# TASK PROMPT
Go through the data from its first line and retype each line, stopping once the line containing "theory Defs" has been retyped.

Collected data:

+++

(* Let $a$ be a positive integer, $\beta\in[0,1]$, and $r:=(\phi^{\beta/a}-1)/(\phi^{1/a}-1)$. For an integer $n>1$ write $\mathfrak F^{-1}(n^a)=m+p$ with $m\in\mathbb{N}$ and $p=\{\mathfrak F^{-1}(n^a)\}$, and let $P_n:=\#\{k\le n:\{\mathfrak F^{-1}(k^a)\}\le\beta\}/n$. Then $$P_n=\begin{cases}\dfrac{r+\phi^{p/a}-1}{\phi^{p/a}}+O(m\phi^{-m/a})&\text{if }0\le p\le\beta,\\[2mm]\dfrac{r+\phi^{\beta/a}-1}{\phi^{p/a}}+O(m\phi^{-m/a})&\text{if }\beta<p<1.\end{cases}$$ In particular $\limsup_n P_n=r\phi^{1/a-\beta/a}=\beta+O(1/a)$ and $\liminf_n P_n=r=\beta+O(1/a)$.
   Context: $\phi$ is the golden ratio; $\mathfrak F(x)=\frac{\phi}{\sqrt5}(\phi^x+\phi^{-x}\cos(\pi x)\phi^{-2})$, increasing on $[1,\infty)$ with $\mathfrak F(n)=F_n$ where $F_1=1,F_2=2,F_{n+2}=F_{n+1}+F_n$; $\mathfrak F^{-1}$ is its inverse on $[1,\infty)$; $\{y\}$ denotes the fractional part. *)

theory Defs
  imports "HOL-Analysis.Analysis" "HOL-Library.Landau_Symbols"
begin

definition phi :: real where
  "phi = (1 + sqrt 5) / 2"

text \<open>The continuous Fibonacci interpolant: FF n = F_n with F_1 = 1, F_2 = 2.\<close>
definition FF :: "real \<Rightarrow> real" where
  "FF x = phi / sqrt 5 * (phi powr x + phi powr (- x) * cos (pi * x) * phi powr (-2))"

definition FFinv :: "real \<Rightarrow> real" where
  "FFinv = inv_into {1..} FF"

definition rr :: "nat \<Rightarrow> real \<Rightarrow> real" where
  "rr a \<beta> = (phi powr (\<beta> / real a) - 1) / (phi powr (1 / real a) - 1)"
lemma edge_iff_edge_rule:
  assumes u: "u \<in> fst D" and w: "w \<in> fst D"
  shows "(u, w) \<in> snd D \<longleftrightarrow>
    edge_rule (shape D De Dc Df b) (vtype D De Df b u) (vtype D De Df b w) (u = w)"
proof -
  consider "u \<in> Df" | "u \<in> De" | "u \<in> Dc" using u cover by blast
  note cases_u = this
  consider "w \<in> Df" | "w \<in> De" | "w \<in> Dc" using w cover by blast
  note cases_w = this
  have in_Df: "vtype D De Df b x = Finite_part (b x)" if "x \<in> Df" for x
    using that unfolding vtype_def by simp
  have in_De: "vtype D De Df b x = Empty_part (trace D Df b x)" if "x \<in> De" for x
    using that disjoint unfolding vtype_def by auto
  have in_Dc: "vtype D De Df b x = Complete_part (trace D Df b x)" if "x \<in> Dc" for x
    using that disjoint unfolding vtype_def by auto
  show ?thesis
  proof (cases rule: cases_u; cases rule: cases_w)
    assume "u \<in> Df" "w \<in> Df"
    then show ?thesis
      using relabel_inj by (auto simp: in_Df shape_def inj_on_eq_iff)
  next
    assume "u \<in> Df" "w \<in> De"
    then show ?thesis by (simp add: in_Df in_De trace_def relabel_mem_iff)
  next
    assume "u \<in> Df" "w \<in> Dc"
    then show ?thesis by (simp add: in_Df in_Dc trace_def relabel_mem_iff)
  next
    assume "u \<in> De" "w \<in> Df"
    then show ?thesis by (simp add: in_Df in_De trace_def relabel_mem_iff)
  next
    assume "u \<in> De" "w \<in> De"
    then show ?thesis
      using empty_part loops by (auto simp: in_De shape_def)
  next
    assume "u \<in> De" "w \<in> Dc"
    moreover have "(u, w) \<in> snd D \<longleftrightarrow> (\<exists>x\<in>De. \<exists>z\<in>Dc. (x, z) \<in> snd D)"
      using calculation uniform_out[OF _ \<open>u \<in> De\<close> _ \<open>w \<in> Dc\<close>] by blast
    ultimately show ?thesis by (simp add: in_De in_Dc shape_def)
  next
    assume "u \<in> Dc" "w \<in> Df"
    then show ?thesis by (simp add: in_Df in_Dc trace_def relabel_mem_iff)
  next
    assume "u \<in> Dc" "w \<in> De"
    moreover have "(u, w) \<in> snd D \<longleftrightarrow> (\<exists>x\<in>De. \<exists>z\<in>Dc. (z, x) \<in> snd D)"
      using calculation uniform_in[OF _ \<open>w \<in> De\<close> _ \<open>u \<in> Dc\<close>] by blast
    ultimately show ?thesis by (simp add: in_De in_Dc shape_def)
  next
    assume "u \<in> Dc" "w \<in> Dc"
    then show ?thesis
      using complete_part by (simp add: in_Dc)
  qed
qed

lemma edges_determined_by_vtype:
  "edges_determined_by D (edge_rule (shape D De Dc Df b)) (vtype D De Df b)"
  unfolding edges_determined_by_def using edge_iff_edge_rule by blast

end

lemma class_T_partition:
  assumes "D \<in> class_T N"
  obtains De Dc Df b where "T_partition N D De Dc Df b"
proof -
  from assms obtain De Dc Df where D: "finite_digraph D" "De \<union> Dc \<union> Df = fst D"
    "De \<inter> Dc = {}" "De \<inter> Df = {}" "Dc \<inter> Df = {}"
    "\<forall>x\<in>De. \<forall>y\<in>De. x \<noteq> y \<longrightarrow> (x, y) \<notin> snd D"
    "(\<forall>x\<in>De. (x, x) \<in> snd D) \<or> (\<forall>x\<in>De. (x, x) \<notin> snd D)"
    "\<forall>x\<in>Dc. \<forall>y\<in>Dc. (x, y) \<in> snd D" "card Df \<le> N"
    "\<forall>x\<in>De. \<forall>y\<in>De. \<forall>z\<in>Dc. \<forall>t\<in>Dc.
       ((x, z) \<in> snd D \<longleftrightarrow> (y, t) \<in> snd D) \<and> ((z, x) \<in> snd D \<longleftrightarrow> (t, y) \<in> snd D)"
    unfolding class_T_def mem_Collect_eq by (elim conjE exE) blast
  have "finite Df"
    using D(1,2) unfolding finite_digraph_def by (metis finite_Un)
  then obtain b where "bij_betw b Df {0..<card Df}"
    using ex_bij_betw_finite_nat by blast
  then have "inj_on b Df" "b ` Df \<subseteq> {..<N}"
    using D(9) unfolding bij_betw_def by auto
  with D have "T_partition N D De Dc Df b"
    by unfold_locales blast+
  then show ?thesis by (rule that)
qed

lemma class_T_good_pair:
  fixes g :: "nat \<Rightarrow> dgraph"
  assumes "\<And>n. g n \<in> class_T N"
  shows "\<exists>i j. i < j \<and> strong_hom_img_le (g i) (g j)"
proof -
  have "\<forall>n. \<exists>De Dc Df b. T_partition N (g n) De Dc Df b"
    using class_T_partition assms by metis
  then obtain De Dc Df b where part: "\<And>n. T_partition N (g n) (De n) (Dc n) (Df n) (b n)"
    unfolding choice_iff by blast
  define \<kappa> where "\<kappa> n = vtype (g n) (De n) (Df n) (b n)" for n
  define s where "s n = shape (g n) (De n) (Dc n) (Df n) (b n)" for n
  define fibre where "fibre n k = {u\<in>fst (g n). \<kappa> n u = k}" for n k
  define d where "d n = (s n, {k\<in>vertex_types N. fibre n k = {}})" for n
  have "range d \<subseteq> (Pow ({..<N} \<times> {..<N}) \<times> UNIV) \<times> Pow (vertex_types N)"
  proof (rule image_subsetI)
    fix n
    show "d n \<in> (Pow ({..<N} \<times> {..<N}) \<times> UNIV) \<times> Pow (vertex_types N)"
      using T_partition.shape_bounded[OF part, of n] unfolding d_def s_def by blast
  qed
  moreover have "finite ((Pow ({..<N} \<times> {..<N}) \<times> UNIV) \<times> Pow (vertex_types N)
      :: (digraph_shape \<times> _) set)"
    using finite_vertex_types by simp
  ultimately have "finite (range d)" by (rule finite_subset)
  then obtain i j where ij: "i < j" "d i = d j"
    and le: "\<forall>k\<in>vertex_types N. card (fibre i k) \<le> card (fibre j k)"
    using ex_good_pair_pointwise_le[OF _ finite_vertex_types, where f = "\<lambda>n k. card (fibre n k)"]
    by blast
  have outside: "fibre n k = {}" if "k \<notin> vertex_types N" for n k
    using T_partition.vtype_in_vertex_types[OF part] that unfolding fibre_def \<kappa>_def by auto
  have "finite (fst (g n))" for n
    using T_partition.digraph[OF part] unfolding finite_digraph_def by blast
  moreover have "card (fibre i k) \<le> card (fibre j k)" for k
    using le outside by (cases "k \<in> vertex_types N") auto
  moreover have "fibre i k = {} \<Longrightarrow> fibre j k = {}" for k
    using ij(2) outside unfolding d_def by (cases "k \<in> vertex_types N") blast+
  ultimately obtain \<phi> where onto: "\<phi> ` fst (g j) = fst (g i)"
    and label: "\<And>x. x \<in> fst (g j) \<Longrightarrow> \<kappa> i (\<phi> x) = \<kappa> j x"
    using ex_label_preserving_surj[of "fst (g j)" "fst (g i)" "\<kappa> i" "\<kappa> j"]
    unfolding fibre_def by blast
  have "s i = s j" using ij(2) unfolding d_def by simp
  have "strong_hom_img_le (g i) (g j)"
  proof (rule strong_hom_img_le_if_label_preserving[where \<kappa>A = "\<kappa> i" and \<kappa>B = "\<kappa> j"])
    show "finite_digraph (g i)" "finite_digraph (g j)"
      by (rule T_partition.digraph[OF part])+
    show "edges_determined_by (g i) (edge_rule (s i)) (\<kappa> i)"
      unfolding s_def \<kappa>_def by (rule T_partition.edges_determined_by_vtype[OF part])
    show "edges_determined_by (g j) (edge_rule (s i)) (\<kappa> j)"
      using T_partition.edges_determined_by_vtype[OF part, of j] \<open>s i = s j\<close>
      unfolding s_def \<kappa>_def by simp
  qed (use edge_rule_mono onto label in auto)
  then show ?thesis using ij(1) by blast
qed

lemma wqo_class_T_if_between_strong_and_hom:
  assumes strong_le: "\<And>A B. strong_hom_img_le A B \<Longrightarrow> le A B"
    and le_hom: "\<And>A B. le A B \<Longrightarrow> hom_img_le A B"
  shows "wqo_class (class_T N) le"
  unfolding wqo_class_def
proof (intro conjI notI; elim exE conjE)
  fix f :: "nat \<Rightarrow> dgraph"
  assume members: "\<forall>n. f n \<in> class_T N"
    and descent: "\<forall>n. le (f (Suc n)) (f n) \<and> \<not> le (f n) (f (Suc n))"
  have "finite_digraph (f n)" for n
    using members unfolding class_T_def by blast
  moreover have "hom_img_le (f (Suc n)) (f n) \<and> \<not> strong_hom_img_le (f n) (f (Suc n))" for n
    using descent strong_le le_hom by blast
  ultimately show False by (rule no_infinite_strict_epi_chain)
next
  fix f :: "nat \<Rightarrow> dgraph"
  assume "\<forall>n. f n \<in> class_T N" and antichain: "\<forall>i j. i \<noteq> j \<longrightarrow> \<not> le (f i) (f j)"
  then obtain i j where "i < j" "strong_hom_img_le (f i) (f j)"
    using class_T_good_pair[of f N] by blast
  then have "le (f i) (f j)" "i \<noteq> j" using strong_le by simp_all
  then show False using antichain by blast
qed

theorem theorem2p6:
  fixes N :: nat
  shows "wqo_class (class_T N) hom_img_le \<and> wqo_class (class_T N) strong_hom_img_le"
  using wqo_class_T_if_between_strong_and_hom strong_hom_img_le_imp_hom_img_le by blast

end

+++

# TASK OUTPUT
(* Let $a$ be a positive integer, $\beta\in[0,1]$, and $r:=(\phi^{\beta/a}-1)/(\phi^{1/a}-1)$. For an integer $n>1$ write $\mathfrak F^{-1}(n^a)=m+p$ with $m\in\mathbb{N}$ and $p=\{\mathfrak F^{-1}(n^a)\}$, and let $P_n:=\#\{k\le n:\{\mathfrak F^{-1}(k^a)\}\le\beta\}/n$. Then $$P_n=\begin{cases}\dfrac{r+\phi^{p/a}-1}{\phi^{p/a}}+O(m\phi^{-m/a})&\text{if }0\le p\le\beta,\\[2mm]\dfrac{r+\phi^{\beta/a}-1}{\phi^{p/a}}+O(m\phi^{-m/a})&\text{if }\beta<p<1.\end{cases}$$ In particular $\limsup_n P_n=r\phi^{1/a-\beta/a}=\beta+O(1/a)$ and $\liminf_n P_n=r=\beta+O(1/a)$.
   Context: $\phi$ is the golden ratio; $\mathfrak F(x)=\frac{\phi}{\sqrt5}(\phi^x+\phi^{-x}\cos(\pi x)\phi^{-2})$, increasing on $[1,\infty)$ with $\mathfrak F(n)=F_n$ where $F_1=1,F_2=2,F_{n+2}=F_{n+1}+F_n$; $\mathfrak F^{-1}$ is its inverse on $[1,\infty)$; $\{y\}$ denotes the fractional part. *)

theory Defs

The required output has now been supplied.